7 Mart 2012 Çarşamba

BODRUM'LA İLK TANIŞMAM/GEÇMİŞTEN BİR ANI...

                 BODRUM'LA İLK TANIŞMAM/GEÇMİŞTEN BİR ANI...


                Geçmişte,daha işimi değiştirmemişim;eğitimciyim.Omuzumda çantam,otobüse atlamış,Bodrum'a doğru yola çıkmışım.İçim kıpır kıpır.O zamana kadar Bodrum'u sadece okuduğum kitaplardan ,resimlerden biliyorum.Ama vurulmuşum.Heyecanlıyım,yerimde duramıyorum.Bir an önce orada olmak istiyorum.Hep oturmaktan kıçımın uyuştuğunu bile hissetmiyorum.
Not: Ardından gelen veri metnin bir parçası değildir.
(* Let $m$ range over even integers tending to infinity, with $N=N(m)$, $n=n(m)$ positive integers satisfying $N=o(m)$ and $n=o(m)$, and fix $0<\varepsilon\le1$. Then, uniformly over $\omega\in K_m$, $$\log\Pr_{(u,q^\omega,u)}(A)=-\Big(1+\tfrac12\varepsilon^2\Big)\frac{N^2}{m}\,(1+o(1))+O(1),$$ where $A$ is the event that no symbol appears more than once in $X$ and no symbol appears more than once in $Y$.
   Context: Let $u$ be the uniform distribution on $[m]=\{1,\dots,m\}$. Let $K_m$ be the collection of all subsets of $[m]$ of cardinality $m/2$. For $\omega\in K_m$ let $q^\omega$ be the distribution on $[m]$ with $q^\omega_j=(1+\varepsilon)/m$ for $j\in\omega$ and $q^\omega_j=(1-\varepsilon)/m$ for $j\notin\omega$. $\Pr_{(u,q^\omega,u)}$ denotes the probability when $X=(X_1,\dots,X_N)$ is i.i.d. uniform on $[m]$, $Y=(Y_1,\dots,Y_N)$ is i.i.d. with marginal $q^\omega$, $Z=(Z_1,\dots,Z_n)$ is i.i.d. uniform on $[m]$, and $X,Y,Z$ are independent. *)

theory Defs
  imports "HOL-Analysis.Analysis"
begin

definition Kset :: "nat \<Rightarrow> nat set set" where
  "Kset m = {w. w \<subseteq> {1..m} \<and> card w = m div 2}"

definition unif :: "nat \<Rightarrow> nat \<Rightarrow> real" where
  "unif m j = 1 / real m"

definition qdist :: "real \<Rightarrow> nat \<Rightarrow> nat set \<Rightarrow> nat \<Rightarrow> real" where
  "qdist \<epsilon> m w j = (if j \<in> w then (1 + \<epsilon>) / real m else (1 - \<epsilon>) / real m)"

text \<open>Pr_{(u,q^omega,u)}(A): X = (X_1..X_N) iid u, Y = (Y_1..Y_N) iid q^omega,
  Z = (Z_1..Z_n) iid u, all independent (samples indexed by {..<N}, {..<n});
  A = no symbol repeated in X and no symbol repeated in Y.\<close>
definition probA :: "real \<Rightarrow> nat \<Rightarrow> nat \<Rightarrow> nat \<Rightarrow> nat set \<Rightarrow> real" where
  "probA \<epsilon> m N n w =
     (\<Sum>x\<in>PiE {..<N} (\<lambda>_. {1..m}). \<Sum>y\<in>PiE {..<N} (\<lambda>_. {1..m}). \<Sum>z\<in>PiE {..<n} (\<lambda>_. {1..m}).
        (\<Prod>i<N. unif m (x i)) * (\<Prod>i<N. qdist \<epsilon> m w (y i)) * (\<Prod>i<n. unif m (z i))
        * of_bool (inj_on x {..<N} \<and> inj_on y {..<N}))"

end

theory Submission
  imports Defs
begin

text \<open>Under the product measure the event factorizes: the sample \<open>Z\<close> contributes \<open>1\<close>, the
  sample \<open>X\<close> contributes the birthday product \<open>\<Prod>i<N. 1 - i/m\<close>, and sorting the draws of \<open>Y\<close>
  according to how many of them fall into \<open>\<omega>\<close> turns its contribution into the binomial mixture
  \<open>\<Sum>k. C(N,k) p\<^sup>k q\<^sup>N\<^sup>-\<^sup>k B(k) B(N-k)\<close> with \<open>p = (1+\<epsilon>)/2\<close>, \<open>q = (1-\<epsilon>)/2\<close> and \<open>B\<close> the birthday
  product on \<open>m/2\<close> symbols.  Since \<open>ln B(k) = -k\<^sup>2/m + O(k/m + k\<^sup>3/m\<^sup>2)\<close>, the mixture is governed by
  the exponent \<open>-(k\<^sup>2 + (N-k)\<^sup>2)/m\<close>.  Completing the square around the mean \<open>pN\<close> bounds it above by
  a function linear in \<open>k\<close>, which the binomial theorem sums exactly; Jensen's inequality together
  with \<open>E[k(N-k)] = N(N-1)pq\<close> bounds the mixture below.  Both sides give \<open>-(p\<^sup>2+q\<^sup>2) N\<^sup>2/m (1 + O(N/m))\<close>,
  and \<open>1/2 + p\<^sup>2 + q\<^sup>2 = 1 + \<epsilon>\<^sup>2/2\<close>.\<close>

section \<open>Weighted sums over injective sequences\<close>

definition inj_seq_sum :: "(nat \<Rightarrow> real) \<Rightarrow> nat set \<Rightarrow> nat \<Rightarrow> real" where
  "inj_seq_sum q A N =
     (\<Sum>y\<in>PiE {..<N} (\<lambda>_. A). (\<Prod>i<N. q (y i)) * of_bool (inj_on y {..<N}))"

lemma inj_seq_sum_0 [simp]: "inj_seq_sum q A 0 = 1"
  by (simp add: inj_seq_sum_def)

lemma inj_on_fun_upd_lessThan_Suc:
  "inj_on (g(N := a)) {..<Suc N} \<longleftrightarrow> inj_on g {..<N} \<and> a \<notin> g ` {..<N}"
proof -
  have "inj_on (g(N := a)) {..<N} = inj_on g {..<N}"
    by (rule inj_on_cong) auto
  moreover have "(g(N := a)) ` {..<N} = g ` {..<N}"
    by auto
  ultimately show ?thesis
    by (simp add: lessThan_Suc inj_on_insert)
qed

lemma inj_seq_sum_Suc:
  assumes "finite A"
  shows "inj_seq_sum q A (Suc N) = (\<Sum>a\<in>A. q a * inj_seq_sum q (A - {a}) N)"
proof -
  let ?P = "PiE {..<N} (\<lambda>_. A)"
  let ?w = "\<lambda>y. (\<Prod>i<N. q (y i)) * of_bool (inj_on y {..<N})"
  have "inj_seq_sum q A (Suc N) =
      (\<Sum>(a, g)\<in>A \<times> ?P. (\<Prod>i<Suc N. q ((g(N := a)) i)) * of_bool (inj_on (g(N := a)) {..<Suc N}))"
    unfolding inj_seq_sum_def lessThan_Suc PiE_insert_eq
    by (subst sum.reindex[OF inj_combinator]) (simp_all add: case_prod_unfold)
  also have "\<dots> = (\<Sum>a\<in>A. q a * (\<Sum>g\<in>?P. ?w g * of_bool (a \<notin> g ` {..<N})))"
    by (subst sum.cartesian_product[symmetric])
       (simp add: prod.lessThan_Suc inj_on_fun_upd_lessThan_Suc sum_distrib_left of_bool_conj mult_ac)
  also have "\<dots> = (\<Sum>a\<in>A. q a * inj_seq_sum q (A - {a}) N)"
  proof (intro sum.cong refl arg_cong[where f = "(*) (q _)"])
    fix a
    show "(\<Sum>g\<in>?P. ?w g * of_bool (a \<notin> g ` {..<N})) = inj_seq_sum q (A - {a}) N"
      unfolding inj_seq_sum_def
    proof (rule sum.mono_neutral_cong_right)
      show "finite ?P"
        using assms by (simp add: finite_PiE)
    qed (auto simp: PiE_def Pi_def)
  qed
  finally show ?thesis .
qed

definition ffact :: "real \<Rightarrow> nat \<Rightarrow> real" where
  "ffact s k = (\<Prod>i<k. s - real i)"

lemma ffact_0 [simp]: "ffact s 0 = 1"
  by (simp add: ffact_def)

lemma ffact_Suc: "ffact s (Suc k) = s * ffact (s - 1) k"
  unfolding ffact_def prod.lessThan_Suc_shift by (simp add: algebra_simps)

lemma real_card_Diff_singleton: "finite A \<Longrightarrow> a \<in> A \<Longrightarrow> real (card (A - {a})) = real (card A) - 1"
  using card.remove[of A a] by simp

lemma inj_seq_sum_const:
  "finite A \<Longrightarrow> inj_seq_sum (\<lambda>_. c) A N = c ^ N * ffact (real (card A)) N"
proof (induction N arbitrary: A)
  case (Suc N)
  have "inj_seq_sum (\<lambda>_. c) (A - {a}) N = c ^ N * ffact (real (card A) - 1) N" if "a \<in> A" for a
    using Suc.IH[of "A - {a}"] Suc.prems real_card_Diff_singleton[OF Suc.prems that] by simp
  then show ?case
    using Suc.prems by (simp add: inj_seq_sum_Suc ffact_Suc)
qed simp

definition binomial_conv :: "(nat \<Rightarrow> real) \<Rightarrow> (nat \<Rightarrow> real) \<Rightarrow> nat \<Rightarrow> real" where
  "binomial_conv a b N = (\<Sum>k\<le>N. real (N choose k) * a k * b (N - k))"

lemma binomial_conv_0 [simp]: "binomial_conv a b 0 = a 0 * b 0"
  by (simp add: binomial_conv_def)

lemma binomial_conv_scale:
  "binomial_conv (\<lambda>k. c * a k) b N = c * binomial_conv a b N"
  "binomial_conv a (\<lambda>k. c * b k) N = c * binomial_conv a b N"
  by (simp_all add: binomial_conv_def sum_distrib_left mult_ac)

text \<open>Pascal's rule, in the shape of the Leibniz rule for the derivative of a product.\<close>
lemma binomial_conv_Suc:
  "binomial_conv a b (Suc N) =
     binomial_conv (\<lambda>k. a (Suc k)) b N + binomial_conv a (\<lambda>k. b (Suc k)) N"
proof -
  have shift: "(\<Sum>k\<le>Suc N. real (N choose k) * a k * b (Suc N - k)) =
      a 0 * b (Suc N) + (\<Sum>k\<le>N. real (N choose Suc k) * a (Suc k) * b (N - k))"
    by (subst sum.atMost_Suc_shift) simp
  have "(\<Sum>k\<le>Suc N. real (N choose k) * a k * b (Suc N - k)) =
      (\<Sum>k\<le>N. real (N choose k) * a k * b (Suc (N - k)))"
    by (simp add: sum.atMost_Suc Suc_diff_le)
  then have "binomial_conv a (\<lambda>k. b (Suc k)) N =
      a 0 * b (Suc N) + (\<Sum>k\<le>N. real (N choose Suc k) * a (Suc k) * b (N - k))"
    using shift by (simp add: binomial_conv_def)
  moreover have "binomial_conv a b (Suc N) =
      a 0 * b (Suc N) + (\<Sum>k\<le>N. real (Suc N choose Suc k) * a (Suc k) * b (N - k))"
    unfolding binomial_conv_def by (subst sum.atMost_Suc_shift) simp
  ultimately show ?thesis
    by (simp add: binomial_conv_def sum.distrib algebra_simps)
qed

lemma inj_seq_sum_two_valued:
  assumes "finite A"
  shows "inj_seq_sum (\<lambda>j. if j \<in> w then \<alpha> else \<beta>) A N =
    binomial_conv (\<lambda>k. \<alpha> ^ k * ffact (real (card (A \<inter> w))) k)
                  (\<lambda>k. \<beta> ^ k * ffact (real (card (A - w))) k) N"
  using assms
proof (induction N arbitrary: A)
  case (Suc N)
  let ?q = "\<lambda>j. if j \<in> w then \<alpha> else \<beta>"
  let ?s = "real (card (A \<inter> w))" and ?t = "real (card (A - w))"
  let ?a = "\<lambda>s k. \<alpha> ^ k * ffact s k" and ?b = "\<lambda>t k. \<beta> ^ k * ffact t k"
  have fin: "finite (A \<inter> w)" "finite (A - w)"
    using Suc.prems by auto
  have in_w: "?q a * inj_seq_sum ?q (A - {a}) N = \<alpha> * binomial_conv (?a (?s - 1)) (?b ?t) N"
    if "a \<in> A \<inter> w" for a
  proof -
    have "(A - {a}) \<inter> w = (A \<inter> w) - {a}" "(A - {a}) - w = A - w"
      using that by auto
    then show ?thesis
      using that fin Suc real_card_Diff_singleton[of "A \<inter> w" a] by simp
  qed
  have out_w: "?q a * inj_seq_sum ?q (A - {a}) N = \<beta> * binomial_conv (?a ?s) (?b (?t - 1)) N"
    if "a \<in> A - w" for a
  proof -
    have "(A - {a}) \<inter> w = A \<inter> w" "(A - {a}) - w = (A - w) - {a}"
      using that by auto
    then show ?thesis
      using that fin Suc real_card_Diff_singleton[of "A - w" a] by simp
  qed
  have shift_a: "(\<lambda>k. ?a ?s (Suc k)) = (\<lambda>k. ?s * \<alpha> * ?a (?s - 1) k)"
    and shift_b: "(\<lambda>k. ?b ?t (Suc k)) = (\<lambda>k. ?t * \<beta> * ?b (?t - 1) k)"
    by (simp_all add: fun_eq_iff ffact_Suc mult_ac)
  have "inj_seq_sum ?q A (Suc N) =
      (\<Sum>a\<in>A \<inter> w. ?q a * inj_seq_sum ?q (A - {a}) N) + (\<Sum>a\<in>A - w. ?q a * inj_seq_sum ?q (A - {a}) N)"
    using Suc.prems by (simp only: inj_seq_sum_Suc sum.Int_Diff)
  also have "\<dots> = (\<Sum>a\<in>A \<inter> w. \<alpha> * binomial_conv (?a (?s - 1)) (?b ?t) N)
                  + (\<Sum>a\<in>A - w. \<beta> * binomial_conv (?a ?s) (?b (?t - 1)) N)"
    by (intro arg_cong2[where f = "(+)"] sum.cong refl in_w out_w)
  also have "\<dots> = ?s * \<alpha> * binomial_conv (?a (?s - 1)) (?b ?t) N
                  + ?t * \<beta> * binomial_conv (?a ?s) (?b (?t - 1)) N"
    by (simp add: mult.assoc)
  also have "\<dots> = binomial_conv (?a ?s) (?b ?t) (Suc N)"
    by (simp only: binomial_conv_Suc shift_a shift_b binomial_conv_scale)
  finally show ?case .
qed simp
                Bodrum'a yaklaştıkça deniz ve manzarası burayı daha çok seveceğimi söylüyor.Tepenin ardından otobüs yüzünü Bodrum'a gösterdiğinde Bodrum da bize kendini göstermeye başlıyor.Bu görüntü nasıl anlatılabilir?Deniz,güneş ışınlarıyla çocuklar gibi oynaşıyor.Kale ise tüm ihtişamıyla oranın efendisi gibi dimdik ayakta ve kıyı boyunca küçük taş evler.Manzara karşısında sizin de gözleriniz ışıl ışıl oluyor.Tabii o zamanlar tepelere kadar evler yoktu,bu kadar çirkinleşmemişti.İpini koparan daha gelmeye başlamamıştı.Bodrum'la Gümbet bu kadar iç içe değildi.
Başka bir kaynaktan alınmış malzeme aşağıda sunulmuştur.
(* Let $\Sigma$, $V$ and $f: V\to\mathbb{Z}^3$ be as in the context, and let $A \subseteq V$ be a set of triangles. Then: (1) $A$ is edge-connected if and only if $f(A)$ is 6-connected; (2) $A$ is vertex-connected if and only if $f(A)$ is 26-connected.
   Context: $\Sigma$ denotes the regular tiling of the Euclidean plane by congruent equilateral triangles. The lines containing the edges of the tiling fall into three parallel classes, numbered $i=1,2,3$; within each class the lines are equally spaced. $V$ denotes the set of triangles of $\Sigma$. Consistent labeling: fix a base triangle $v_0$. For $i=1,2,3$ let $H_{i,0}$ be the line of class $i$ containing a side of $v_0$, and $H_{i,-1}$ the line of class $i$ through the vertex of $v_0$ opposite that side. Index all lines of class $i$ by integers $H_{i,k}$, $k\in\mathbb{Z}$, so that consecutive (adjacent) parallel lines have consecutive indices and indices increase in the direction from $H_{i,-1}$ to $H_{i,0}$. Coordinates and cubulation map: for a triangle $v \in V$ set $v_i := k$ if $v$ lies between $H_{i,k}$ and $H_{i,k-1}$; define $f: V \to \mathbb{Z}^3$, $f(v) = (v_1, v_2, v_3)$. A set $A$ of triangles is edge-connected if for any $u,v\in A$ there is a sequence $u=w_0,w_1,\dots,w_n=v$ of triangles in $A$ with $w_j$ and $w_{j+1}$ sharing a side for all $j$; it is vertex-connected if the same holds with "sharing a side" replaced by "sharing a vertex". A set $S\subseteq\mathbb{Z}^3$ is 6-connected (face-connected) if any two points of $S$ are joined by a sequence of points of $S$ in which consecutive points differ by $1$ in exactly one coordinate and agree in the others; it is 26-connected (vertex-connected) if any two points of $S$ are joined by a sequence of points of $S$ in which consecutive points are distinct and differ by at most $1$ in each coordinate. *)

theory Defs
  imports "HOL-Analysis.Analysis"
begin

definition e1 :: "real \<times> real" where "e1 = (1, 0)"
definition e2 :: "real \<times> real" where "e2 = (1/2, sqrt 3 / 2)"

definition lpt :: "int \<Rightarrow> int \<Rightarrow> real \<times> real" where
  "lpt a b = of_int a *\<^sub>R e1 + of_int b *\<^sub>R e2"

definition up_tri :: "int \<Rightarrow> int \<Rightarrow> (real \<times> real) set" where
  "up_tri a b = convex hull {lpt a b, lpt (a+1) b, lpt a (b+1)}"

definition down_tri :: "int \<Rightarrow> int \<Rightarrow> (real \<times> real) set" where
  "down_tri a b = convex hull {lpt (a+1) b, lpt a (b+1), lpt (a+1) (b+1)}"

definition tiles :: "(real \<times> real) set set" where
  "tiles = {up_tri a b | a b. True} \<union> {down_tri a b | a b. True}"

definition v0 :: "(real \<times> real) set" where "v0 = up_tri 0 0"

text \<open>Lattice coordinates (a,b) of a point p = a e1 + b e2.\<close>
definition la :: "real \<times> real \<Rightarrow> real" where "la p = fst p - snd p / sqrt 3"
definition lb :: "real \<times> real \<Rightarrow> real" where "lb p = 2 * snd p / sqrt 3"

text \<open>Class 1: lines parallel to the side [0,e1] of v0;
  class 2: parallel to the side [e1,e2]; class 3: parallel to the side [0,e2].
  In each class H_{i,0} contains the side of v0, H_{i,-1} passes through the
  opposite vertex, consecutive lines have consecutive indices and indices grow
  from H_{i,-1} towards H_{i,0}.\<close>
definition line_fun :: "nat \<Rightarrow> real \<times> real \<Rightarrow> real" where
  "line_fun i p = (if i = 1 then - lb p
                   else if i = 2 then la p + lb p - 1
                   else - la p)"

definition H :: "nat \<Rightarrow> int \<Rightarrow> (real \<times> real) set" where
  "H i k = {p. line_fun i p = of_int k}"

definition between_lines :: "(real \<times> real) set \<Rightarrow> nat \<Rightarrow> int \<Rightarrow> bool" where
  "between_lines v i k \<longleftrightarrow> v \<subseteq> {p. of_int k - 1 \<le> line_fun i p \<and> line_fun i p \<le> of_int k}"

definition tcoord :: "nat \<Rightarrow> (real \<times> real) set \<Rightarrow> int" where
  "tcoord i v = (THE k. between_lines v i k)"

definition cub :: "(real \<times> real) set \<Rightarrow> int \<times> int \<times> int" where
  "cub v = (tcoord 1 v, tcoord 2 v, tcoord 3 v)"

definition chain_connected :: "('a \<Rightarrow> 'a \<Rightarrow> bool) \<Rightarrow> 'a set \<Rightarrow> bool" where
  "chain_connected R A \<longleftrightarrow>
     (\<forall>u\<in>A. \<forall>v\<in>A. \<exists>ws. ws \<noteq> [] \<and> hd ws = u \<and> last ws = v \<and> set ws \<subseteq> A \<and>
        (\<forall>j. Suc j < length ws \<longrightarrow> R (ws ! j) (ws ! Suc j)))"

text \<open>Vertices of a triangle are its extreme points; a side is the segment
  between two distinct vertices.\<close>
definition share_side :: "(real \<times> real) set \<Rightarrow> (real \<times> real) set \<Rightarrow> bool" where
  "share_side u w \<longleftrightarrow> (\<exists>p q. p \<noteq> q \<and> p extreme_point_of u \<and> q extreme_point_of u \<and>
                               p extreme_point_of w \<and> q extreme_point_of w)"

definition share_vertex :: "(real \<times> real) set \<Rightarrow> (real \<times> real) set \<Rightarrow> bool" where
  "share_vertex u w \<longleftrightarrow> (\<exists>p. p extreme_point_of u \<and> p extreme_point_of w)"

definition edge_connected :: "(real \<times> real) set set \<Rightarrow> bool" where
  "edge_connected A \<longleftrightarrow> chain_connected share_side A"

definition vertex_connected :: "(real \<times> real) set set \<Rightarrow> bool" where
  "vertex_connected A \<longleftrightarrow> chain_connected share_vertex A"

definition adj6 :: "int \<times> int \<times> int \<Rightarrow> int \<times> int \<times> int \<Rightarrow> bool" where
  "adj6 x y \<longleftrightarrow> (case x of (x1, x2, x3) \<Rightarrow> case y of (y1, y2, y3) \<Rightarrow>
      (\<bar>x1 - y1\<bar> = 1 \<and> x2 = y2 \<and> x3 = y3) \<or>
      (x1 = y1 \<and> \<bar>x2 - y2\<bar> = 1 \<and> x3 = y3) \<or>
      (x1 = y1 \<and> x2 = y2 \<and> \<bar>x3 - y3\<bar> = 1))"

definition adj26 :: "int \<times> int \<times> int \<Rightarrow> int \<times> int \<times> int \<Rightarrow> bool" where
  "adj26 x y \<longleftrightarrow> x \<noteq> y \<and> (case x of (x1, x2, x3) \<Rightarrow> case y of (y1, y2, y3) \<Rightarrow>
      \<bar>x1 - y1\<bar> \<le> 1 \<and> \<bar>x2 - y2\<bar> \<le> 1 \<and> \<bar>x3 - y3\<bar> \<le> 1)"

definition connected6 :: "(int \<times> int \<times> int) set \<Rightarrow> bool" where
  "connected6 S \<longleftrightarrow> chain_connected adj6 S"

definition connected26 :: "(int \<times> int \<times> int) set \<Rightarrow> bool" where
  "connected26 S \<longleftrightarrow> chain_connected adj26 S"

end

theory Submission
  imports Defs
begin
                Vuruldum.Kalbim yerinden çıkacak gibi.İçimin yağının eridiğini,dudağımın kulaklarıma yaklaştığını hissediyordum.Nasıl bir mutluluk,kelimelerle anlatılabilir mi?Anlatılabilir muhakkak.Bir çok yazar da çok güzel anlatmıştır.Ama ben yazar değilim...

                Çantamı otagarda emanete teslim ediyorum.Hemen kalacak yer ayarlamalıyım ki Bodrum'un kucağına kendimi atmalıyım.Otagardan aşağı doğru kalabalığın içine kendimi bırakıyorum.Barlar sokağından önceki sokağa girmişim,bir uçtan bir uca pansiyon.Zaten böyle bir arayışın içinde değil miydim?Güzel,temiz bir pansiyonda karar kılıyorum;5 gece.Diğer harcamalarımda fiyatları bilemediğim için ne kadar param gider tahmin edemiyorum.Artarsa biraz daha kalabilirim diye düşünüyorum.Pansiyona yerleşip kendimi dışarıya atıyorum...
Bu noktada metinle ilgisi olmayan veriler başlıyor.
lemma supersolution_time_derivative_nonneg_at_spatial_min:
  fixes u :: "'n::finite gvec \<Rightarrow> real \<Rightarrow> real"
  assumes super: "supersolution K \<Omega> T g u0 u"
    and K_nonneg: "\<forall>y. 0 \<le> K x y"
    and x: "x \<in> \<Omega>" and t: "t \<in> {0<..T}"
    and space_min: "\<forall>y. u x t \<le> u y t"
  obtains D where "(u x has_real_derivative D) (at t within {0..T})" "0 \<le> D"
proof -
  obtain D where u': "(u x has_real_derivative D) (at t within {0..T})"
    and D_ge: "(\<integral>y. K x y * (u y t - u x t) \<partial>lborel) \<le> D"
    using super x t unfolding supersolution_def by blast
  have "0 \<le> (\<integral>y. K x y * (u y t - u x t) \<partial>lborel)"
    using K_nonneg space_min by (intro Bochner_Integration.integral_nonneg) simp
  with D_ge show ?thesis using that[OF u'] by linarith
qed

lemma supersolution_nonneg:
  fixes u :: "'n::finite gvec \<Rightarrow> real \<Rightarrow> real"
  assumes super: "supersolution K \<Omega> T g u0 u"
    and K_nonneg: "\<forall>x\<in>\<Omega>. \<forall>y. 0 \<le> K x y"
    and g: "\<forall>x t. 0 \<le> g x t" and u0: "\<forall>x\<in>\<Omega>. 0 \<le> u0 x"
    and u_cont: "continuous_on (closure \<Omega> \<times> {0..T}) (\<lambda>(x, t). u x t)"
    and bounded: "bounded \<Omega>" and T: "0 < T"
  shows "\<forall>x\<in>closure \<Omega>. \<forall>t\<in>{0..T}. 0 \<le> u x t"
proof (rule ccontr)
  note boundary_nonneg = supersolution_nonneg_on_parabolic_boundary[OF super g u0 u_cont T]
  assume "\<not> ?thesis"
  then obtain x0 t0 where x0: "x0 \<in> closure \<Omega>" and t0: "t0 \<in> {0..T}" and neg: "u x0 t0 < 0"
    by (auto simp: not_le)
  define \<delta> where "\<delta> = - u x0 t0 / (2 * T)"
  define w where "w = (\<lambda>(x, t). u x t + \<delta> * t)"
  have \<delta>_pos: "0 < \<delta>" using neg T by (simp add: \<delta>_def divide_neg_pos)
  have "\<delta> * t0 \<le> - u x0 t0 / 2" using \<delta>_pos t0 T mult_left_mono[of t0 T \<delta>] by (simp add: \<delta>_def)
  then have w0_neg: "w (x0, t0) < 0" using neg by (simp add: w_def)
  have "continuous_on (closure \<Omega> \<times> {0..T}) w"
    unfolding w_def case_prod_beta by (intro continuous_intros u_cont[unfolded case_prod_beta])
  moreover have "compact (closure \<Omega> \<times> {0..T})"
    using bounded by (simp add: compact_closure compact_Times)
  ultimately obtain xm tm where xm: "xm \<in> closure \<Omega>" and tm: "tm \<in> {0..T}"
    and w_min: "\<forall>q\<in>closure \<Omega> \<times> {0..T}. w (xm, tm) \<le> w q"
    using continuous_attains_inf[of "closure \<Omega> \<times> {0..T}" w] x0 t0 by fastforce
  have "w (xm, tm) < 0" using w_min[rule_format, of "(x0, t0)"] x0 t0 w0_neg by simp
  moreover have "0 \<le> \<delta> * tm" using \<delta>_pos tm by simp
  ultimately have um_neg: "u xm tm < 0" by (simp add: w_def)
  then have xm_in: "xm \<in> \<Omega>" and tm_pos: "0 < tm"
    using boundary_nonneg[OF xm tm] tm by (auto simp: less_eq_real_def)
  have space_min: "u xm tm \<le> u y tm" for y
  proof (cases "y \<in> \<Omega>")
    case True
    then have "w (xm, tm) \<le> w (y, tm)" using w_min tm closure_subset[of \<Omega>] by blast
    then show ?thesis by (simp add: w_def)
  next
    case False
    then have "g y tm \<le> u y tm" using super tm_pos tm unfolding supersolution_def by auto
    then show ?thesis using g[rule_format, of y tm] um_neg by linarith
  qed
  then obtain D where u': "(u xm has_real_derivative D) (at tm within {0..T})"
    and D_nonneg: "0 \<le> D"
    using supersolution_time_derivative_nonneg_at_spatial_min[OF super] K_nonneg xm_in tm_pos tm
    by (metis greaterThanAtMost_iff atLeastAtMost_iff)
  have "((\<lambda>s. u xm s + \<delta> * s) has_real_derivative D + \<delta>) (at tm within {0..T})"
    by (rule DERIV_add[OF u']) (auto intro!: derivative_eq_intros)
  moreover have "\<forall>s\<in>{0..T}. u xm tm + \<delta> * tm \<le> u xm s + \<delta> * s"
    using w_min xm by (auto simp: w_def)
  ultimately have "D + \<delta> \<le> 0"
    using has_real_derivative_nonpos_at_min tm_pos tm by fastforce
  then show False using D_nonneg \<delta>_pos by linarith
qed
                İlk günüm Bodrum'la tanışma şeklinde geçti.Akşamı da barlar sokağında gece nereye gidebilirim düşüncesiyle bakınarak dolaştım ve ara sokakta rock barı gözüme kestirdim.Her sene gittiğimde bir kere de olsa uğrarım,geçmiş anıları tazelemek üzere.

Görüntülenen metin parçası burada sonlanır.